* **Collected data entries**
○ ○ ○ ○ ○

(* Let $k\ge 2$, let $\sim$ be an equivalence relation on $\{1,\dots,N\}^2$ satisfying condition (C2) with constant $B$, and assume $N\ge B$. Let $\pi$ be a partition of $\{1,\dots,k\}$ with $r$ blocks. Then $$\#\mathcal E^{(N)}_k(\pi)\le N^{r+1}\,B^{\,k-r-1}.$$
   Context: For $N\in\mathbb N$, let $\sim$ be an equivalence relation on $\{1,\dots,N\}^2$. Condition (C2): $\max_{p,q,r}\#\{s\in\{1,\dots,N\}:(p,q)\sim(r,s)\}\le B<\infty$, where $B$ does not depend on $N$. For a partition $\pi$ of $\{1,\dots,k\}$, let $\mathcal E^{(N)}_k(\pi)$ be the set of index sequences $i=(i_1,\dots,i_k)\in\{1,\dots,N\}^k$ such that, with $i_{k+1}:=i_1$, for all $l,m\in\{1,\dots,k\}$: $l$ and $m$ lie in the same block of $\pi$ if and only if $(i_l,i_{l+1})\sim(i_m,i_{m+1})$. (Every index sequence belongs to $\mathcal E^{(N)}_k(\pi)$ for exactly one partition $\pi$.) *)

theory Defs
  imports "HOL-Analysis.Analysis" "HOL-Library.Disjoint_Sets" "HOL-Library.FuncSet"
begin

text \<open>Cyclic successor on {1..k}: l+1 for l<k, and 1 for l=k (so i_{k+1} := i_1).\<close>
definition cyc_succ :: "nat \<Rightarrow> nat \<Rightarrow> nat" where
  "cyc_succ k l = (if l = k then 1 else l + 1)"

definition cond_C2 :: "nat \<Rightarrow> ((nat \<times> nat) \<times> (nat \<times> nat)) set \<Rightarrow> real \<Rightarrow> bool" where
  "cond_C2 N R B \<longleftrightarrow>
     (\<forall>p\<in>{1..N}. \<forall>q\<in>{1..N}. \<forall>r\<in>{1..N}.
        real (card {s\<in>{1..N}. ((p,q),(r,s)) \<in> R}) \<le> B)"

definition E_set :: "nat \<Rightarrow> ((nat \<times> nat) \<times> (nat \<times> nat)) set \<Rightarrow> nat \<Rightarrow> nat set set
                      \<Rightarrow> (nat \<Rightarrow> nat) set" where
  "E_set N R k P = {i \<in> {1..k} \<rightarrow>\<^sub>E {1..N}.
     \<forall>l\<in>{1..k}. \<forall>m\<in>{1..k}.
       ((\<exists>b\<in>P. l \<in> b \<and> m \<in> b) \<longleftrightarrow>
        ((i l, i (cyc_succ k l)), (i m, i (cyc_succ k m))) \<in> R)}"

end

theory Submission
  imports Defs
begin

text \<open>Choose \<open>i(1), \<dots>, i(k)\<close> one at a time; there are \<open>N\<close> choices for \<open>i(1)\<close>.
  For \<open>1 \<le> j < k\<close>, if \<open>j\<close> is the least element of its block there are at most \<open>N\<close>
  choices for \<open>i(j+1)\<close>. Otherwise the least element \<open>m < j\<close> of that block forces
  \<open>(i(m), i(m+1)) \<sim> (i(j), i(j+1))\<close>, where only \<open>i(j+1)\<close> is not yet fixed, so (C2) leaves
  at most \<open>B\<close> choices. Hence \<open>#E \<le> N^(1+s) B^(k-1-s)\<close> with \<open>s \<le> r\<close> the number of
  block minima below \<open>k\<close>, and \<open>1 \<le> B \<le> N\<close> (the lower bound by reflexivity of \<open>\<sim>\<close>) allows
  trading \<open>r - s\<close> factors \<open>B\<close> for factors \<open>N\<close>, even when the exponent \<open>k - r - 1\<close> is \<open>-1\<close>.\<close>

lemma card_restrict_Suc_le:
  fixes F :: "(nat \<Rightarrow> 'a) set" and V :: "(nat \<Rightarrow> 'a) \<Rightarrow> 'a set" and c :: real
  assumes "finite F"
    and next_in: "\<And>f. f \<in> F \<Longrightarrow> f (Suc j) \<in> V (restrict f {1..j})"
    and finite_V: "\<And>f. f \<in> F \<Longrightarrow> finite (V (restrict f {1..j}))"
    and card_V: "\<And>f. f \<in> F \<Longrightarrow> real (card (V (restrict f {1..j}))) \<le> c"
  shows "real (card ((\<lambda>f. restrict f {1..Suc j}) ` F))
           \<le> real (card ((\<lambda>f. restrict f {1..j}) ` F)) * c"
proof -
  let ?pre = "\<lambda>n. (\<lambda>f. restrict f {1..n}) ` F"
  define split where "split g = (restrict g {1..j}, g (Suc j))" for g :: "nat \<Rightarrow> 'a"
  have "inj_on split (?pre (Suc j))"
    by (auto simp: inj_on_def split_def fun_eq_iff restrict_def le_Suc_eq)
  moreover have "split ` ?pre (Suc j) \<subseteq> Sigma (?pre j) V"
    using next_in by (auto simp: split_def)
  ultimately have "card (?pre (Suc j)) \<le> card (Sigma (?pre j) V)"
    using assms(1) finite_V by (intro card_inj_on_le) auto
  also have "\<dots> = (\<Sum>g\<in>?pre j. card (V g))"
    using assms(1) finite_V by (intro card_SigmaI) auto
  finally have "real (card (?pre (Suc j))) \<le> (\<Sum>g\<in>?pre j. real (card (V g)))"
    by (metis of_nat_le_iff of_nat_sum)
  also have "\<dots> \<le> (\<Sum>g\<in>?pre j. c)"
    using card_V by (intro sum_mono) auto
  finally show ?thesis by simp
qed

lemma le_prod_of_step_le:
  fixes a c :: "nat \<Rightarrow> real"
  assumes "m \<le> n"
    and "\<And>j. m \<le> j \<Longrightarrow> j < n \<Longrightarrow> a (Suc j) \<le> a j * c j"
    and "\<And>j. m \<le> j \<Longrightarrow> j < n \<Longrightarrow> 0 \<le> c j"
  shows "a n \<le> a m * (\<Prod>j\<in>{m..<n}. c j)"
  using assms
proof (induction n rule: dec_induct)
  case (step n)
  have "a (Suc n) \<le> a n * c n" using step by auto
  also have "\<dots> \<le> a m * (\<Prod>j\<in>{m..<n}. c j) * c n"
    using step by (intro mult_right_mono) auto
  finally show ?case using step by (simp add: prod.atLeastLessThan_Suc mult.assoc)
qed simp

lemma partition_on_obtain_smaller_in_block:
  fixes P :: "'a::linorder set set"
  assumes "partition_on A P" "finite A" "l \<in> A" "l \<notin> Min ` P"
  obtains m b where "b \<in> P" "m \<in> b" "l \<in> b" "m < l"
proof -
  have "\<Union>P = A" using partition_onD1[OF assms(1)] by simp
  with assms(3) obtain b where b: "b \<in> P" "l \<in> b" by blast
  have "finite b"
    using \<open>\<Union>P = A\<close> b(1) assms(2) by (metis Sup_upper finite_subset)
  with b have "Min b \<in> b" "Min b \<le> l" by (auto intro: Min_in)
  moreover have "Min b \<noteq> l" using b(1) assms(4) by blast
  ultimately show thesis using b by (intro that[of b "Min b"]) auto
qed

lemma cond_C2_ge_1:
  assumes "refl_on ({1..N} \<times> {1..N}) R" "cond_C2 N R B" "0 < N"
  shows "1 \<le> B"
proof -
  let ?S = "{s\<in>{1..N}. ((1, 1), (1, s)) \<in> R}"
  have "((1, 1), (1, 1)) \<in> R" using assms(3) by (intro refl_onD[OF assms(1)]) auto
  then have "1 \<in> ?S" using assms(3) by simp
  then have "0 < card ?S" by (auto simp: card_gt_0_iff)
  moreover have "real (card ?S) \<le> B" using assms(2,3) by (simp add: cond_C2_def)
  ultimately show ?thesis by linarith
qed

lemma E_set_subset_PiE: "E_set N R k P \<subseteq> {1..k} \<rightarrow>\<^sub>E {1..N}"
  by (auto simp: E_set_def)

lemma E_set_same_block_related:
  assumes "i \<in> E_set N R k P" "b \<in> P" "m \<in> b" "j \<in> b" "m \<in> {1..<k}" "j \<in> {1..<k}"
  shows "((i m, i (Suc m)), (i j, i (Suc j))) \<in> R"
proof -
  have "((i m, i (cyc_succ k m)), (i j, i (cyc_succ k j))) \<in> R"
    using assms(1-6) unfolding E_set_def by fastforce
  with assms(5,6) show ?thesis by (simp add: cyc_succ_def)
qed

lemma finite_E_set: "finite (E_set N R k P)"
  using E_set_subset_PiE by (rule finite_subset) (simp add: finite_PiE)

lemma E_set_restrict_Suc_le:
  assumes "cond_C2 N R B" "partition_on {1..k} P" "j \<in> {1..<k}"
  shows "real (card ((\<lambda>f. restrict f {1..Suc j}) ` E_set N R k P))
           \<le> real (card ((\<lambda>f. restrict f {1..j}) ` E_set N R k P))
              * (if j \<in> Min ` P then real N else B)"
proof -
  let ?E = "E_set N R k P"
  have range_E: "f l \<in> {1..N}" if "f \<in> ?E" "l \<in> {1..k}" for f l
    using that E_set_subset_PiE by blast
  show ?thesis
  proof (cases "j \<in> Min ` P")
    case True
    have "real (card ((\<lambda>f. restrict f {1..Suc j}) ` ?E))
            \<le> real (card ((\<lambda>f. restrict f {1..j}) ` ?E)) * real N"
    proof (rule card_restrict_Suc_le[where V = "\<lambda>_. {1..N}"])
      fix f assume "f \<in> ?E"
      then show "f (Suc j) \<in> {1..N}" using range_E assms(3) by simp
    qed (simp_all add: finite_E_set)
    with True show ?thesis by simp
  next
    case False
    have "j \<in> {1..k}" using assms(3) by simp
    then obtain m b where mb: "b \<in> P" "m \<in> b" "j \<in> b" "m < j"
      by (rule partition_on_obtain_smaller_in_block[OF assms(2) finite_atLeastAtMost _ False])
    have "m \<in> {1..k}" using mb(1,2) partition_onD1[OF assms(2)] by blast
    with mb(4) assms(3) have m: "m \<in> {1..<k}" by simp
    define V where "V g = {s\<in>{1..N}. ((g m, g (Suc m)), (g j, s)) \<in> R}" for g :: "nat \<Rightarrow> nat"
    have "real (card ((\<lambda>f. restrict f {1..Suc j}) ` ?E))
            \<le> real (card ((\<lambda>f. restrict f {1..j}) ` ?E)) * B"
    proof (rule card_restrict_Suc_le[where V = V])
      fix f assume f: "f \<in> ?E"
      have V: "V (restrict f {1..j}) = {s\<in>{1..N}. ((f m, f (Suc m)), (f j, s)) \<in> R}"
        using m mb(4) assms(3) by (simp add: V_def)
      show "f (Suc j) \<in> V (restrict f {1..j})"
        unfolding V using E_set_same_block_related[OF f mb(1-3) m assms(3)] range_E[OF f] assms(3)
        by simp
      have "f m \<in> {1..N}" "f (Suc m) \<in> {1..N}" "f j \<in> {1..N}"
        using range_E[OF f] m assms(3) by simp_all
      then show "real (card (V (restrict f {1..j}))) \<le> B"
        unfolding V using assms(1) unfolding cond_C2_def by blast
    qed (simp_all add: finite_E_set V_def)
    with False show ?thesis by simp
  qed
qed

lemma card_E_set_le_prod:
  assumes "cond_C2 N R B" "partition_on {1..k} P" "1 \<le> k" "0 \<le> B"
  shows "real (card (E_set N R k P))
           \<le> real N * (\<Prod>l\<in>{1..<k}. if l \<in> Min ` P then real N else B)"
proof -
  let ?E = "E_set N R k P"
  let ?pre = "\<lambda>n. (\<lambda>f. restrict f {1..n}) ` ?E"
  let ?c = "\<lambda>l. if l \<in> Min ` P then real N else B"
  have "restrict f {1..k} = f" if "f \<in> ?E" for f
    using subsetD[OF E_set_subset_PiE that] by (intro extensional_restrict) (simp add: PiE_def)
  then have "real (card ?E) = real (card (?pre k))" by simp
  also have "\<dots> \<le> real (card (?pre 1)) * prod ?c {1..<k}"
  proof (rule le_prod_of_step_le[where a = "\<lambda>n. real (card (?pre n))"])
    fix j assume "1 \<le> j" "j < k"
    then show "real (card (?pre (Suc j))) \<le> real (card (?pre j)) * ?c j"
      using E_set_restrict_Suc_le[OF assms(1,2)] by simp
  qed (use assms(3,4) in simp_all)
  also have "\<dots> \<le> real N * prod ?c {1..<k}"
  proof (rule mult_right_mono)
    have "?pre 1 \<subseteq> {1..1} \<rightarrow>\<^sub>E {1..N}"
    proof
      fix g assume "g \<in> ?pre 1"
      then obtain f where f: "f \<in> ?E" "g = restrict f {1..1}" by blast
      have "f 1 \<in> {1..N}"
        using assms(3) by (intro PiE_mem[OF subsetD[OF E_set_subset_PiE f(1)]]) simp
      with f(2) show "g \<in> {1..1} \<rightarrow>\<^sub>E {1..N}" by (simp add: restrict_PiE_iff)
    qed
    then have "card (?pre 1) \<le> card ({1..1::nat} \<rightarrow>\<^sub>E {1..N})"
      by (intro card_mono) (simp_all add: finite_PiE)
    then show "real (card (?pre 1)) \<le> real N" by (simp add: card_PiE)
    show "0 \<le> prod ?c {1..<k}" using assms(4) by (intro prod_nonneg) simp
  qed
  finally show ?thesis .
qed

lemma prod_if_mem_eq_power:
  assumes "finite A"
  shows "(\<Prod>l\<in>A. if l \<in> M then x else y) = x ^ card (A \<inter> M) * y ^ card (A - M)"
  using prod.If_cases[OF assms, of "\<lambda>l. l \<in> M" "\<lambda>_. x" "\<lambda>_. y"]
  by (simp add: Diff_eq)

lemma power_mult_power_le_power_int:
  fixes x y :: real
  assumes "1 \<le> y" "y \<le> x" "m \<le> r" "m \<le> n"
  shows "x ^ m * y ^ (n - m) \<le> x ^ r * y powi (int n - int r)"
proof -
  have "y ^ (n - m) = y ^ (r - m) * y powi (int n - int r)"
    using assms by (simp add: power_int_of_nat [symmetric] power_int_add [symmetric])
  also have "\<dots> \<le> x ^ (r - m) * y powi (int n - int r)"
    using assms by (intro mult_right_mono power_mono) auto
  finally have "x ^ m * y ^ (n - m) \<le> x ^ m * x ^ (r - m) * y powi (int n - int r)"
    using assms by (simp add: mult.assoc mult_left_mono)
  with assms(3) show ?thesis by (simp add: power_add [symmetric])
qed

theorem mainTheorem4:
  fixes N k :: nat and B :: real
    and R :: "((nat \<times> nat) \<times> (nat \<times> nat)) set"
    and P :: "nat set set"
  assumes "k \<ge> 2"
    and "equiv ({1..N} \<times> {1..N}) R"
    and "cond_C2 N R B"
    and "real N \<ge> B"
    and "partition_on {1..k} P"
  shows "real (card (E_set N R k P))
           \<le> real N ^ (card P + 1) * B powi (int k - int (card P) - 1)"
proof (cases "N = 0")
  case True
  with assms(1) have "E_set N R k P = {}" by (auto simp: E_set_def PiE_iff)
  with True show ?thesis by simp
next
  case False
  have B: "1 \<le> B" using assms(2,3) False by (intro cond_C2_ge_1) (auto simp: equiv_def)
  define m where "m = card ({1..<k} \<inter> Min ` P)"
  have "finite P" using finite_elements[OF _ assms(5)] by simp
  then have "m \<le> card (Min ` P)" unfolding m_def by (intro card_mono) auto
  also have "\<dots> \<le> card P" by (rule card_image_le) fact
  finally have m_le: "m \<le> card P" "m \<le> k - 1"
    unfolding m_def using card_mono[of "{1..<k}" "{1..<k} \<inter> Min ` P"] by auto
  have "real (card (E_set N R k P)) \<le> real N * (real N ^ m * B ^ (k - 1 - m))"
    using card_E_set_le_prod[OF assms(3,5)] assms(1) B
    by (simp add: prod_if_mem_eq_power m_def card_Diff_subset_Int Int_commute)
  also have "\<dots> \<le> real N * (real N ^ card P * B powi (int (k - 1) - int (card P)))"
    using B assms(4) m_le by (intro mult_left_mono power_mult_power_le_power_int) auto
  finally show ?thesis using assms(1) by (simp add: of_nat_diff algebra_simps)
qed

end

○ ○ ○ ○ ○

* **Problem to work on**
Could you set down, exactly as written, the lines above between the one holding "(\<Sum>g\<in>?pre j. card" and the one holding "n \<Longrightarrow> 0", inclusive, and nothing more?

* **Exercise solution**
  also have "\<dots> = (\<Sum>g\<in>?pre j. card (V g))"
    using assms(1) finite_V by (intro card_SigmaI) auto
  finally have "real (card (?pre (Suc j))) \<le> (\<Sum>g\<in>?pre j. real (card (V g)))"
    by (metis of_nat_le_iff of_nat_sum)
  also have "\<dots> \<le> (\<Sum>g\<in>?pre j. c)"
    using card_V by (intro sum_mono) auto
  finally show ?thesis by simp
qed

lemma le_prod_of_step_le:
  fixes a c :: "nat \<Rightarrow> real"
  assumes "m \<le> n"
    and "\<And>j. m \<le> j \<Longrightarrow> j < n \<Longrightarrow> a (Suc j) \<le> a j * c j"
    and "\<And>j. m \<le> j \<Longrightarrow> j < n \<Longrightarrow> 0 \<le> c j"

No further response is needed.